(Dataset entries)
....
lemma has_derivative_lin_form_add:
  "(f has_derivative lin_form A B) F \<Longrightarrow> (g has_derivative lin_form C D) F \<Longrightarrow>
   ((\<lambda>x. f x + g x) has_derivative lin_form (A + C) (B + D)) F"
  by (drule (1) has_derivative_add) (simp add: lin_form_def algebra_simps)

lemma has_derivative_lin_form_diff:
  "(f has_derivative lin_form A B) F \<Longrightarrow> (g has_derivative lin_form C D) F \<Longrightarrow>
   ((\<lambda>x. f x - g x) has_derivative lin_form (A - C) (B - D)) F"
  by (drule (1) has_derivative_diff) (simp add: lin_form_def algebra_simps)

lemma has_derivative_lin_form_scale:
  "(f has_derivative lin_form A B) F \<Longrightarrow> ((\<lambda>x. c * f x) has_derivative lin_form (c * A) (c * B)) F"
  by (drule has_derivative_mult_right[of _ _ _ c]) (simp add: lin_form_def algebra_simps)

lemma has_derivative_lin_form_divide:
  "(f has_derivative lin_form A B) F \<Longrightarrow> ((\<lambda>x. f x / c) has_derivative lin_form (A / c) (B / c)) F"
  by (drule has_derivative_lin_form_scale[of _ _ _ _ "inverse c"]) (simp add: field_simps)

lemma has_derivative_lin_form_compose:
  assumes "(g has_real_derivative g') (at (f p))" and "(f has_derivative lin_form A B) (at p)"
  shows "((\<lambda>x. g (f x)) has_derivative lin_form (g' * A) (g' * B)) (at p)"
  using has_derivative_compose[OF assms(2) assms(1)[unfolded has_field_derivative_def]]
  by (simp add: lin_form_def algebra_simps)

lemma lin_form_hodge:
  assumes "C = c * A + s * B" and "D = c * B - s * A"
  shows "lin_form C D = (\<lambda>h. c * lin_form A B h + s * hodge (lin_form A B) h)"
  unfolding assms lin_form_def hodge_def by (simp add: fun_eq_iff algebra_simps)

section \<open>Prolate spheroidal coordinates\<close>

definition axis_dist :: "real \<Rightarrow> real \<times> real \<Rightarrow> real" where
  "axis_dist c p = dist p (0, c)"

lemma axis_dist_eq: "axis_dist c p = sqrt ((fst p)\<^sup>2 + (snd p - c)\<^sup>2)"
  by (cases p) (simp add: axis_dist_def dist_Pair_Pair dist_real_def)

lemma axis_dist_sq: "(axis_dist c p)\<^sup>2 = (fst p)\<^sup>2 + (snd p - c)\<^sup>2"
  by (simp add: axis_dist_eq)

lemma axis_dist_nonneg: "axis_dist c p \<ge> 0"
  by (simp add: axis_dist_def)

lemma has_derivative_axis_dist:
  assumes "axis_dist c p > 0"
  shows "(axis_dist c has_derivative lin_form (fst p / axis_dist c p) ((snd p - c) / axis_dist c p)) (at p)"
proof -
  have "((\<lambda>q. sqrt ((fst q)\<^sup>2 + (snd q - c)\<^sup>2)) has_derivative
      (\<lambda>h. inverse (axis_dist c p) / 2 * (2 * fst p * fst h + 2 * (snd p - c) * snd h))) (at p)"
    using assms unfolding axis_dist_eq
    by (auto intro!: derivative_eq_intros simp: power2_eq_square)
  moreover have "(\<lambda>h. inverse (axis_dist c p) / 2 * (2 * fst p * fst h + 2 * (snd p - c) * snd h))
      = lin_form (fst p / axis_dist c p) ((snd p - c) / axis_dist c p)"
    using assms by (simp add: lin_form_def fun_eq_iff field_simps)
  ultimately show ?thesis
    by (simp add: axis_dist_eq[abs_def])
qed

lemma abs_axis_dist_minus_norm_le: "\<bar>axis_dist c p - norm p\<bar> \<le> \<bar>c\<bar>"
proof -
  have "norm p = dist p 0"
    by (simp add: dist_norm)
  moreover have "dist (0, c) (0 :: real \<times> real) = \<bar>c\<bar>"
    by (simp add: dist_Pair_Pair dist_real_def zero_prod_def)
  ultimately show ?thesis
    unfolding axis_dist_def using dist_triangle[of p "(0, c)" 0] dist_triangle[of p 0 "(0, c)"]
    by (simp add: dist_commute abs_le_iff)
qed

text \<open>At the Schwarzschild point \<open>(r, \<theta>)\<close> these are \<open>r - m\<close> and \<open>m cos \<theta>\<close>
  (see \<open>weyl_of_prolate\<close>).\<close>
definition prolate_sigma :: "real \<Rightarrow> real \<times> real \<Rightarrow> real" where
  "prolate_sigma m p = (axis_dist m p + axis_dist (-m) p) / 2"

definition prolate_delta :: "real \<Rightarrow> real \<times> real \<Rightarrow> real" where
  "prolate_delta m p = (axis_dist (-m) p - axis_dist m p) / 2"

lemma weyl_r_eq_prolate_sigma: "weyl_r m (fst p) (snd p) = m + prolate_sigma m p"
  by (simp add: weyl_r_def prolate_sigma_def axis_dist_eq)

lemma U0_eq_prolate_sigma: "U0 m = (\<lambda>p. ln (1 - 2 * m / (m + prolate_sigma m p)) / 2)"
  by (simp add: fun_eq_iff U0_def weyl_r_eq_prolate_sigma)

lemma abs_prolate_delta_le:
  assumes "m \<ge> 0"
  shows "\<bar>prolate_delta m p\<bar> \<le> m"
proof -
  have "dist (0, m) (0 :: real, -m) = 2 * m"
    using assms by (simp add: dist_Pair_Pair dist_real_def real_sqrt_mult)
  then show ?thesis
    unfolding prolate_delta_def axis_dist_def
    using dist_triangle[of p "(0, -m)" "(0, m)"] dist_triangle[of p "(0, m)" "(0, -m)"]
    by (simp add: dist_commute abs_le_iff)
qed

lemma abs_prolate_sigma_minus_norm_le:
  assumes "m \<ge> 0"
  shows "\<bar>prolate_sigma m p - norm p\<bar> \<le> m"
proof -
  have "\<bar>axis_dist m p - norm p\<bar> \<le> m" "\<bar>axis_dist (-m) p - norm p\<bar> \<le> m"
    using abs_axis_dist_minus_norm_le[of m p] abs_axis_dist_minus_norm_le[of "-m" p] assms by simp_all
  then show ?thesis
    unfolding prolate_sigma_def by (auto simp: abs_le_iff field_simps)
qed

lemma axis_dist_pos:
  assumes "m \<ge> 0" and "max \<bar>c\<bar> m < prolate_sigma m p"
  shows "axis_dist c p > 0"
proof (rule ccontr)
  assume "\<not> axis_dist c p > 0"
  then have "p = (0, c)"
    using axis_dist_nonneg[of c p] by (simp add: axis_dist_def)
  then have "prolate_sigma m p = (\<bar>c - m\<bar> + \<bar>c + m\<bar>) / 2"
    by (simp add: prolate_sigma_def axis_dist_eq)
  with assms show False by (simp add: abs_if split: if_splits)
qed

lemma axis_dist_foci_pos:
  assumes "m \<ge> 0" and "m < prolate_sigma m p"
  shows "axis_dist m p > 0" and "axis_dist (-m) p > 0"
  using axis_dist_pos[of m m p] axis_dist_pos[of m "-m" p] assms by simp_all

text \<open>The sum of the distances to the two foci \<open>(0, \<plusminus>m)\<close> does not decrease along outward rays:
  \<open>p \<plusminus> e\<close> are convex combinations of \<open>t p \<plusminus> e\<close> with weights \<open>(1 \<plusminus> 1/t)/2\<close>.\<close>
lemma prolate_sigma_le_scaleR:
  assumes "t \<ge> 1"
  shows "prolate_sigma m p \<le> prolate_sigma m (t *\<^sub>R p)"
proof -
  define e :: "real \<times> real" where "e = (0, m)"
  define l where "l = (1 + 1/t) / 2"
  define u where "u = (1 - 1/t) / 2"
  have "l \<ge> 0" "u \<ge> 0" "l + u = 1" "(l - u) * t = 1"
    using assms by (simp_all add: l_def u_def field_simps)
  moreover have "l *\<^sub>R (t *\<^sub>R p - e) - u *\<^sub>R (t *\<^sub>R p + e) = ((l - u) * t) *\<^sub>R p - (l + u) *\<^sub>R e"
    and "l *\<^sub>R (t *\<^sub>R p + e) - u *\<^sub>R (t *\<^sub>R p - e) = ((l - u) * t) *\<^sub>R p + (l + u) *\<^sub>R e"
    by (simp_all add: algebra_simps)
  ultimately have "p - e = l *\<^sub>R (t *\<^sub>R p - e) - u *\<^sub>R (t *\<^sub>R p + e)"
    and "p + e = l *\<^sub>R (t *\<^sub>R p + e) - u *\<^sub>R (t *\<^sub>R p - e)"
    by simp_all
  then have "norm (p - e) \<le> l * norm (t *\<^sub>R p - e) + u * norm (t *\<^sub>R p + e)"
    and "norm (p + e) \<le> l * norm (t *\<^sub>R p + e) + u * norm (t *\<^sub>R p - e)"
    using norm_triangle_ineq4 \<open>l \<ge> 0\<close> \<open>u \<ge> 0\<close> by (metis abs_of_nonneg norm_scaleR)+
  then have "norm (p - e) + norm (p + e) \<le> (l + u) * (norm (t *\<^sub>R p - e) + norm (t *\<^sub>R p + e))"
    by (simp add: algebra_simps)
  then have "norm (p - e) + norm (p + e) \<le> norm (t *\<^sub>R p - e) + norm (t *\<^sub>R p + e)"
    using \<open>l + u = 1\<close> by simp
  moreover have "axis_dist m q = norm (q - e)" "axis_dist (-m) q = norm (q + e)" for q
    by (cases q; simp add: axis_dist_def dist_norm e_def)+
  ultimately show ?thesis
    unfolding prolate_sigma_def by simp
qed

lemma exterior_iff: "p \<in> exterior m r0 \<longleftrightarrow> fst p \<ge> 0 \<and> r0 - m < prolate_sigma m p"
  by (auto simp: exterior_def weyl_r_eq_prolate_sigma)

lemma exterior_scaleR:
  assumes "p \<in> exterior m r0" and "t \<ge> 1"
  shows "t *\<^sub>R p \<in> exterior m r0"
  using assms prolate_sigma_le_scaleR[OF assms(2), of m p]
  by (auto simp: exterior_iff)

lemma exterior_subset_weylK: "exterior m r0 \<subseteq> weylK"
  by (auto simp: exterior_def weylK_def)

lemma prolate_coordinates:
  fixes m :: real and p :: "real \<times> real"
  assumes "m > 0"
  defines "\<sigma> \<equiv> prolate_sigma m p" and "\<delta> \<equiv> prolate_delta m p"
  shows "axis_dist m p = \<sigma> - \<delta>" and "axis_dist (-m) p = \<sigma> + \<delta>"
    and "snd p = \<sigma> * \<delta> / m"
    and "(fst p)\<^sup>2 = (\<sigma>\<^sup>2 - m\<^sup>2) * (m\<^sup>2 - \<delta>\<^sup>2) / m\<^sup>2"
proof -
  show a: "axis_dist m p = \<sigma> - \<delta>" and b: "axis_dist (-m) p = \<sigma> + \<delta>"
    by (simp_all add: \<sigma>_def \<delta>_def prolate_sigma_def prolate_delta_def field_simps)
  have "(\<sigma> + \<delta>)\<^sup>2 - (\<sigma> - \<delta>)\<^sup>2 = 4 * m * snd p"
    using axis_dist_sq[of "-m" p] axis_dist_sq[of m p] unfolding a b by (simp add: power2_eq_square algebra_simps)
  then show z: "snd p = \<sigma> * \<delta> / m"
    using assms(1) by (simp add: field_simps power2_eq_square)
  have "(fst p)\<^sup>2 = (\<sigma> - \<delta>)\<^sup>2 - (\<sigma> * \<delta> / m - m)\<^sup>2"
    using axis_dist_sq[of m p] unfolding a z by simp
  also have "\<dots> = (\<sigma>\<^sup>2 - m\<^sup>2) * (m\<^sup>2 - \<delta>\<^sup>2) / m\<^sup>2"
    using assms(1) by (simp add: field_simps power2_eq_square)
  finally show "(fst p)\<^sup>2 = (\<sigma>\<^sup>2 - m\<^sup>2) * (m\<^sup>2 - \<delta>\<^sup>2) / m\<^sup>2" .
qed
....
WHAT TO DO: Pick every line of the data that includes the string "lambda".

EXERCISE RESULT:
   ((\<lambda>x. f x + g x) has_derivative lin_form (A + C) (B + D)) F"
   ((\<lambda>x. f x - g x) has_derivative lin_form (A - C) (B - D)) F"
  "(f has_derivative lin_form A B) F \<Longrightarrow> ((\<lambda>x. c * f x) has_derivative lin_form (c * A) (c * B)) F"
  "(f has_derivative lin_form A B) F \<Longrightarrow> ((\<lambda>x. f x / c) has_derivative lin_form (A / c) (B / c)) F"
  shows "((\<lambda>x. g (f x)) has_derivative lin_form (g' * A) (g' * B)) (at p)"
  shows "lin_form C D = (\<lambda>h. c * lin_form A B h + s * hodge (lin_form A B) h)"
  have "((\<lambda>q. sqrt ((fst q)\<^sup>2 + (snd q - c)\<^sup>2)) has_derivative
      (\<lambda>h. inverse (axis_dist c p) / 2 * (2 * fst p * fst h + 2 * (snd p - c) * snd h))) (at p)"
  moreover have "(\<lambda>h. inverse (axis_dist c p) / 2 * (2 * fst p * fst h + 2 * (snd p - c) * snd h))
lemma U0_eq_prolate_sigma: "U0 m = (\<lambda>p. ln (1 - 2 * m / (m + prolate_sigma m p)) / 2)"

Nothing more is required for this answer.